(* Let $\beta>0$, $\sigma^2>0$ and $snr=\sigma^{-2}$. Let $P_X$ be a distribution on a constellation $\mathcal{S}\subset\mathbb{C}$ with finite second moment, and let $\omega_{\mathcal S}(\rho)$ be its scalar MMSE function (defined below). Define $\phi(v)=(\beta v+\sigma^2)^{-1}$ for $v\ge 0$, whose inverse is $\phi^{-1}(\rho)=\beta^{-1}(1/\rho-\sigma^2)$ for $0<\rho\le snr$. Assume (single fixed point) that the equation $\omega_{\mathcal S}(\rho)=\phi^{-1}(\rho)$ has exactly one solution $\rho^*>0$; equivalently, with $\zeta^*=snr/\rho^*-1$, $\zeta^*$ is the unique positive solution of $\zeta=\beta\cdot snr\cdot\omega_{\mathcal S}\big(snr/(1+\zeta)\big)$. Let $$C=\beta^{-1}\Big[\log(1+\zeta^* )-\frac{\zeta^*}{1+\zeta^*}\Big]+C_{\rm SISO}\Big(\frac{snr}{1+\zeta^*}\Big),$$ which is the constrained capacity (per signal dimension) of the large random matrix system described below. Define $\omega^*_{\mathcal C}(\rho)=\min\{\omega_{\mathcal S}(\rho),\phi^{-1}(\rho)\}$ for $0<\rho\le snr$. Then $$C=A_{\omega^*_{\mathcal C}}:=\int_0^{snr}\omega^*_{\mathcal C}(\rho)\,d\rho=\beta^{-1}\Big[\frac{\rho^*}{snr}-\log\frac{\rho^*}{snr}-1\Big]+\int_0^{\rho^*}\omega_{\mathcal S}(\rho)\,d\rho .$$
   Context: Scalar channel: $y=\sqrt{\rho}\,x+z$ with $z\sim\mathcal{CN}(0,1)$ independent of $x\sim P_X$; $\omega_{\mathcal S}(\rho)=\mathrm{mmse}(x\mid \sqrt{\rho}x+z)=\mathrm{E}|x-\mathrm{E}[x\mid y]|^2$, a continuous nonincreasing function of $\rho\ge0$. $C_{\rm SISO}(\rho^* )=I(x;\sqrt{\rho^*}x+z)=\int_0^{\rho^*}\omega_{\mathcal S}(\rho)\,d\rho$ (I-MMSE relation). The large random matrix system is $\mathbf y=\mathbf A\mathbf x+\mathbf n$ with $\mathbf A\in\mathbb C^{M\times N}$ having IID $\mathcal{CN}(0,1/M)$ entries, $\mathbf x$ having IID entries $\sim P_X$, $\mathbf n\sim\mathcal{CN}(0,\sigma^2 I_M)$, in the limit $M,N\to\infty$ with $\beta=N/M$ fixed; $snr=\sigma^{-2}$. *)

theory Defs
  imports "HOL-Analysis.Analysis"
begin

text \<open>Inverse of phi(v) = 1/(beta v + sigma^2), for 0 < rho <= snr.\<close>
definition phi_inv :: "real \<Rightarrow> real \<Rightarrow> real \<Rightarrow> real" where
  "phi_inv \<beta> \<sigma>2 \<rho> = (1 / \<rho> - \<sigma>2) / \<beta>"

text \<open>Scalar constrained capacity via the I-MMSE relation: C_SISO(r) = int_0^r omega.\<close>
definition C_SISO :: "(real \<Rightarrow> real) \<Rightarrow> real \<Rightarrow> real" where
  "C_SISO \<omega> r = integral {0..r} \<omega>"

definition omega_C :: "(real \<Rightarrow> real) \<Rightarrow> real \<Rightarrow> real \<Rightarrow> real \<Rightarrow> real" where
  "omega_C \<omega> \<beta> \<sigma>2 \<rho> = min (\<omega> \<rho>) (phi_inv \<beta> \<sigma>2 \<rho>)"

end

theory Submission
  imports Defs
begin

text \<open>The MMSE curve \<omega> and the curve \<phi>\<inverse>(\<rho>) = (1/\<rho> - \<sigma>2)/\<beta> cross exactly once, at \<rho>*:
  \<omega> - \<phi>\<inverse> is continuous on (0, snr], negative near 0 (where \<phi>\<inverse> blows up while \<omega> stays
  below \<omega>(0)) and nonnegative at snr (where \<phi>\<inverse> vanishes), so by the intermediate value
  theorem it has a constant sign on either side of its only zero. Hence the minimum of the two
  curves is \<omega> on (0, \<rho>*] and \<phi>\<inverse> on [\<rho>*, snr]; the second piece integrates in closed
  form, and the capacity formula is the same quantity written in terms of \<zeta>* = snr/\<rho>* - 1.\<close>

lemma nonpos_left_of_unique_zero:
  fixes g :: "real \<Rightarrow> real"
  assumes cont: "continuous_on {a..c} g" and "g a \<le> 0" "g c = 0"
    and unique: "\<And>y. a \<le> y \<Longrightarrow> y \<le> c \<Longrightarrow> g y = 0 \<Longrightarrow> y = c"
    and x: "a \<le> x" "x \<le> c"
  shows "g x \<le> 0"
proof (rule ccontr)
  assume pos: "\<not> g x \<le> 0"
  have "x < c"
    using pos x \<open>g c = 0\<close> by (cases "x = c") auto
  obtain y where "a \<le> y" "y \<le> x" "g y = 0"
    using IVT'[of g a 0 x] pos \<open>g a \<le> 0\<close> x continuous_on_subset[OF cont] by auto
  with unique[of y] \<open>x < c\<close> show False by auto
qed

lemma nonneg_right_of_unique_zero:
  fixes g :: "real \<Rightarrow> real"
  assumes cont: "continuous_on {c..b} g" and "0 \<le> g b" "g c = 0"
    and unique: "\<And>y. c \<le> y \<Longrightarrow> y \<le> b \<Longrightarrow> g y = 0 \<Longrightarrow> y = c"
    and x: "c \<le> x" "x \<le> b"
  shows "0 \<le> g x"
proof (rule ccontr)
  assume neg: "\<not> 0 \<le> g x"
  have "c < x"
    using neg x \<open>g c = 0\<close> by (cases "x = c") auto
  obtain y where "x \<le> y" "y \<le> b" "g y = 0"
    using IVT'[of g x 0 b] neg \<open>0 \<le> g b\<close> x continuous_on_subset[OF cont] by auto
  with unique[of y] \<open>c < x\<close> show False by auto
qed

lemma has_integral_min_crossing:
  fixes f g :: "real \<Rightarrow> real"
  assumes "a \<le> c" "c \<le> b"
    and below: "\<And>x. a < x \<Longrightarrow> x \<le> c \<Longrightarrow> f x \<le> g x"
    and above: "\<And>x. c \<le> x \<Longrightarrow> x \<le> b \<Longrightarrow> g x \<le> f x"
    and "f integrable_on {a..c}" "(g has_integral I) {c..b}"
  shows "((\<lambda>x. min (f x) (g x)) has_integral integral {a..c} f + I) {a..b}"
proof (rule has_integral_combine[OF assms(1,2)])
  show "((\<lambda>x. min (f x) (g x)) has_integral integral {a..c} f) {a..c}"
    by (rule has_integral_spike_finite[where S = "{a}" and f = f])
      (use below integrable_integral[OF assms(5)] in \<open>auto simp: min_def\<close>)
  show "((\<lambda>x. min (f x) (g x)) has_integral I) {c..b}"
    by (rule has_integral_spike_finite[where S = "{}" and f = g]) (use above assms(6) in auto)
qed

lemma continuous_on_phi_inv:
  assumes "0 < a"
  shows "continuous_on {a..b} (phi_inv \<beta> \<sigma>2)"
proof -
  have "phi_inv \<beta> \<sigma>2 = (\<lambda>\<rho>. (1 / \<rho> - \<sigma>2) * inverse \<beta>)"
    by (simp add: fun_eq_iff phi_inv_def divide_inverse_commute)
  then show ?thesis
    using assms by (auto intro!: continuous_intros)
qed

lemma phi_inv_ge:
  assumes "0 < \<beta>" "0 < \<beta> * M + \<sigma>2" "0 < \<rho>" "\<rho> \<le> 1 / (\<beta> * M + \<sigma>2)"
  shows "M \<le> phi_inv \<beta> \<sigma>2 \<rho>"
proof -
  have "\<beta> * M \<le> 1 / \<rho> - \<sigma>2"
    using assms(2-4) by (simp add: field_simps)
  then show ?thesis
    using assms(1) by (simp add: phi_inv_def pos_le_divide_eq mult.commute)
qed

lemma phi_inv_has_integral:
  assumes "0 < a" "a \<le> b"
  shows "(phi_inv \<beta> \<sigma>2 has_integral (ln (b / a) - \<sigma>2 * (b - a)) / \<beta>) {a..b}"
proof -
  define F where "F x = (ln x - \<sigma>2 * x) * inverse \<beta>" for x
  have "(phi_inv \<beta> \<sigma>2 has_integral F b - F a) {a..b}"
  proof (rule fundamental_theorem_of_calculus[OF assms(2)])
    fix x assume "x \<in> {a..b}"
    then have "0 < x" using assms(1) by auto
    then have "(F has_real_derivative (1 / x - \<sigma>2) * inverse \<beta>) (at x)"
      unfolding F_def by (auto intro!: derivative_eq_intros)
    then have "(F has_real_derivative phi_inv \<beta> \<sigma>2 x) (at x within {a..b})"
      by (simp add: phi_inv_def divide_inverse has_field_derivative_at_within)
    then show "(F has_vector_derivative phi_inv \<beta> \<sigma>2 x) (at x within {a..b})"
      by (simp add: has_real_derivative_iff_has_vector_derivative)
  qed
  moreover have "F b - F a = (ln (b / a) - \<sigma>2 * (b - a)) / \<beta>"
  proof -
    have "ln (b / a) = ln b - ln a"
      using assms by (simp add: ln_div)
    then show ?thesis
      unfolding F_def divide_inverse by (simp only:) (simp add: algebra_simps)
  qed
  ultimately show ?thesis by simp
qed

lemma phi_inv_has_integral_up_to_snr:
  assumes "0 < \<sigma>2" "snr = 1 / \<sigma>2" "0 < \<rho>" "\<rho> \<le> snr"
  shows "(phi_inv \<beta> \<sigma>2 has_integral (1 / \<beta>) * (\<rho> / snr - ln (\<rho> / snr) - 1)) {\<rho>..snr}"
proof -
  have "\<sigma>2 * (snr - \<rho>) = 1 - \<rho> / snr"
    using assms(1,2) by (simp add: right_diff_distrib)
  moreover have "ln (snr / \<rho>) = - ln (\<rho> / snr)"
    using assms by (simp add: ln_div)
  ultimately have closed_form:
      "(ln (snr / \<rho>) - \<sigma>2 * (snr - \<rho>)) / \<beta> = (1 / \<beta>) * (\<rho> / snr - ln (\<rho> / snr) - 1)"
    by simp
  show ?thesis
    using phi_inv_has_integral[of \<rho> snr \<beta> \<sigma>2, OF assms(3,4)]
    unfolding closed_form .
qed

lemma mmse_le_phi_inv_below_fixed_point:
  fixes \<omega> :: "real \<Rightarrow> real"
  assumes "0 < \<beta>" "0 < \<sigma>2"
    and cont: "continuous_on {0..} \<omega>"
    and mono: "\<And>a b. 0 \<le> a \<Longrightarrow> a \<le> b \<Longrightarrow> \<omega> b \<le> \<omega> a"
    and "0 \<le> \<omega> 0"
    and fixed: "\<omega> \<rho>s = phi_inv \<beta> \<sigma>2 \<rho>s"
    and unique: "\<And>\<rho>. 0 < \<rho> \<Longrightarrow> \<rho> \<le> \<rho>s \<Longrightarrow> \<omega> \<rho> = phi_inv \<beta> \<sigma>2 \<rho> \<Longrightarrow> \<rho> = \<rho>s"
    and "0 < \<rho>" "\<rho> \<le> \<rho>s"
  shows "\<omega> \<rho> \<le> phi_inv \<beta> \<sigma>2 \<rho>"
proof -
  define g where "g x = \<omega> x - phi_inv \<beta> \<sigma>2 x" for x
  have M_pos: "0 < \<beta> * \<omega> 0 + \<sigma>2"
    using assms(1,2,5) by (simp add: add_nonneg_pos)
  define \<epsilon> where "\<epsilon> = min \<rho> (1 / (\<beta> * \<omega> 0 + \<sigma>2))"
  have \<epsilon>: "0 < \<epsilon>" "\<epsilon> \<le> \<rho>"
    using \<open>0 < \<rho>\<close> M_pos by (auto simp: \<epsilon>_def)
  have "\<omega> \<epsilon> \<le> \<omega> 0"
    using mono \<epsilon> by simp
  also have "\<omega> 0 \<le> phi_inv \<beta> \<sigma>2 \<epsilon>"
    using phi_inv_ge[OF assms(1) M_pos \<epsilon>(1)] by (simp add: \<epsilon>_def)
  finally have g_eps: "g \<epsilon> \<le> 0"
    by (simp add: g_def)
  have g_cont: "continuous_on {\<epsilon>..\<rho>s} g"
    unfolding g_def using \<epsilon>(1)
    by (intro continuous_intros continuous_on_phi_inv continuous_on_subset[OF cont]) auto
  have g_zero: "g \<rho>s = 0"
    using fixed by (simp add: g_def)
  have g_unique: "y = \<rho>s" if "\<epsilon> \<le> y" "y \<le> \<rho>s" "g y = 0" for y
    using that \<epsilon>(1) by (intro unique) (auto simp: g_def)
  have "g \<rho> \<le> 0"
    using g_cont g_eps g_zero g_unique \<epsilon>(2) \<open>\<rho> \<le> \<rho>s\<close> by (rule nonpos_left_of_unique_zero)
  then show ?thesis
    by (simp add: g_def)
qed

lemma phi_inv_le_mmse_above_fixed_point:
  fixes \<omega> :: "real \<Rightarrow> real"
  assumes "0 < \<sigma>2"
    and cont: "continuous_on {0..} \<omega>"
    and "0 \<le> \<omega> (1 / \<sigma>2)"
    and "0 < \<rho>s" and fixed: "\<omega> \<rho>s = phi_inv \<beta> \<sigma>2 \<rho>s"
    and unique: "\<And>\<rho>. \<rho>s \<le> \<rho> \<Longrightarrow> \<rho> \<le> 1 / \<sigma>2 \<Longrightarrow> \<omega> \<rho> = phi_inv \<beta> \<sigma>2 \<rho> \<Longrightarrow> \<rho> = \<rho>s"
    and "\<rho>s \<le> \<rho>" "\<rho> \<le> 1 / \<sigma>2"
  shows "phi_inv \<beta> \<sigma>2 \<rho> \<le> \<omega> \<rho>"
proof -
  define g where "g x = \<omega> x - phi_inv \<beta> \<sigma>2 x" for x
  have g_snr: "0 \<le> g (1 / \<sigma>2)"
    using assms(1,3) by (simp add: g_def phi_inv_def)
  have g_cont: "continuous_on {\<rho>s..1 / \<sigma>2} g"
    unfolding g_def using \<open>0 < \<rho>s\<close>
    by (intro continuous_intros continuous_on_phi_inv continuous_on_subset[OF cont]) auto
  have g_zero: "g \<rho>s = 0"
    using fixed by (simp add: g_def)
  have g_unique: "y = \<rho>s" if "\<rho>s \<le> y" "y \<le> 1 / \<sigma>2" "g y = 0" for y
    using that by (intro unique) (auto simp: g_def)
  have "0 \<le> g \<rho>"
    using g_cont g_snr g_zero g_unique assms(7,8) by (rule nonneg_right_of_unique_zero)
  then show ?thesis
    by (simp add: g_def)
qed

lemma capacity_eq_fixed_point_form:
  assumes "0 < \<rho>s" "0 < snr" "\<zeta>s = snr / \<rho>s - 1"
  shows "(1 / \<beta>) * (ln (1 + \<zeta>s) - \<zeta>s / (1 + \<zeta>s)) + C_SISO \<omega> (snr / (1 + \<zeta>s))
      = (1 / \<beta>) * (\<rho>s / snr - ln (\<rho>s / snr) - 1) + integral {0..\<rho>s} \<omega>"
proof -
  have one_plus: "1 + \<zeta>s = snr / \<rho>s"
    using assms(3) by simp
  have bound: "snr / (1 + \<zeta>s) = \<rho>s"
    using assms(1,2) by (simp add: one_plus)
  have ratio: "\<zeta>s / (1 + \<zeta>s) = 1 - \<rho>s / snr"
    unfolding one_plus assms(3) using assms(1,2) by (simp add: field_simps)
  have log: "ln (1 + \<zeta>s) = - ln (\<rho>s / snr)"
    unfolding one_plus using assms(1,2) by (simp add: ln_div)
  show ?thesis
    unfolding C_SISO_def bound ratio log by simp
qed

theorem proposition1:
  fixes \<beta> \<sigma>2 snr \<rho>s \<zeta>s :: real and \<omega> :: "real \<Rightarrow> real"
  assumes beta_pos: "\<beta> > 0"
    and sigma_pos: "\<sigma>2 > 0"
    and snr_def: "snr = 1 / \<sigma>2"
    and omega_cont: "continuous_on {0..} \<omega>"
    and omega_mono: "\<And>a b. 0 \<le> a \<Longrightarrow> a \<le> b \<Longrightarrow> \<omega> b \<le> \<omega> a"
    and omega_nonneg: "\<And>\<rho>. 0 \<le> \<rho> \<Longrightarrow> 0 \<le> \<omega> \<rho>"
    and rho_range: "0 < \<rho>s" "\<rho>s \<le> snr"
    and rho_fix: "\<omega> \<rho>s = phi_inv \<beta> \<sigma>2 \<rho>s"
    and rho_unique: "\<And>\<rho>. 0 < \<rho> \<Longrightarrow> \<rho> \<le> snr \<Longrightarrow> \<omega> \<rho> = phi_inv \<beta> \<sigma>2 \<rho> \<Longrightarrow> \<rho> = \<rho>s"
    and zeta_def: "\<zeta>s = snr / \<rho>s - 1"
  shows "omega_C \<omega> \<beta> \<sigma>2 integrable_on {0..snr}
     \<and> (1 / \<beta>) * (ln (1 + \<zeta>s) - \<zeta>s / (1 + \<zeta>s)) + C_SISO \<omega> (snr / (1 + \<zeta>s))
         = integral {0..snr} (omega_C \<omega> \<beta> \<sigma>2)
     \<and> integral {0..snr} (omega_C \<omega> \<beta> \<sigma>2)
         = (1 / \<beta>) * (\<rho>s / snr - ln (\<rho>s / snr) - 1) + integral {0..\<rho>s} \<omega>"
proof -
  have snr_pos: "0 < snr"
    using snr_def sigma_pos by simp
  have unique_below: "\<rho> = \<rho>s"
    if "0 < \<rho>" "\<rho> \<le> \<rho>s" "\<omega> \<rho> = phi_inv \<beta> \<sigma>2 \<rho>" for \<rho>
    using that rho_range(2) by (intro rho_unique) auto
  have unique_above: "\<rho> = \<rho>s"
    if "\<rho>s \<le> \<rho>" "\<rho> \<le> 1 / \<sigma>2" "\<omega> \<rho> = phi_inv \<beta> \<sigma>2 \<rho>" for \<rho>
    using that rho_range(1) snr_def by (intro rho_unique) auto
  have below: "\<omega> \<rho> \<le> phi_inv \<beta> \<sigma>2 \<rho>" if "0 < \<rho>" "\<rho> \<le> \<rho>s" for \<rho>
    by (rule mmse_le_phi_inv_below_fixed_point[OF beta_pos sigma_pos omega_cont omega_mono
          omega_nonneg[OF order_refl] rho_fix unique_below that])
  have nonneg_at_snr: "0 \<le> \<omega> (1 / \<sigma>2)"
    using omega_nonneg sigma_pos by simp
  have above: "phi_inv \<beta> \<sigma>2 \<rho> \<le> \<omega> \<rho>" if "\<rho>s \<le> \<rho>" "\<rho> \<le> snr" for \<rho>
    by (rule phi_inv_le_mmse_above_fixed_point[OF sigma_pos omega_cont nonneg_at_snr rho_range(1)
          rho_fix unique_above that(1) that(2)[unfolded snr_def]])
  have "\<omega> integrable_on {0..\<rho>s}"
    by (intro integrable_continuous_interval continuous_on_subset[OF omega_cont]) auto
  from has_integral_min_crossing[OF less_imp_le[OF rho_range(1)] rho_range(2) below above this
      phi_inv_has_integral_up_to_snr[OF sigma_pos snr_def rho_range]]
  have area: "(omega_C \<omega> \<beta> \<sigma>2 has_integral
      (1 / \<beta>) * (\<rho>s / snr - ln (\<rho>s / snr) - 1) + integral {0..\<rho>s} \<omega>) {0..snr}"
    by (simp add: omega_C_def[abs_def] add.commute)
  show ?thesis
    using has_integral_integrable[OF area] integral_unique[OF area]
      capacity_eq_fixed_point_form[OF rho_range(1) snr_pos zeta_def]
    by simp
qed

end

------------------------------------------------------------------------

▶ [What the task requires]
Your answer must be a single number: the count of lines above that contain the string "False".

▶ [Task result]
2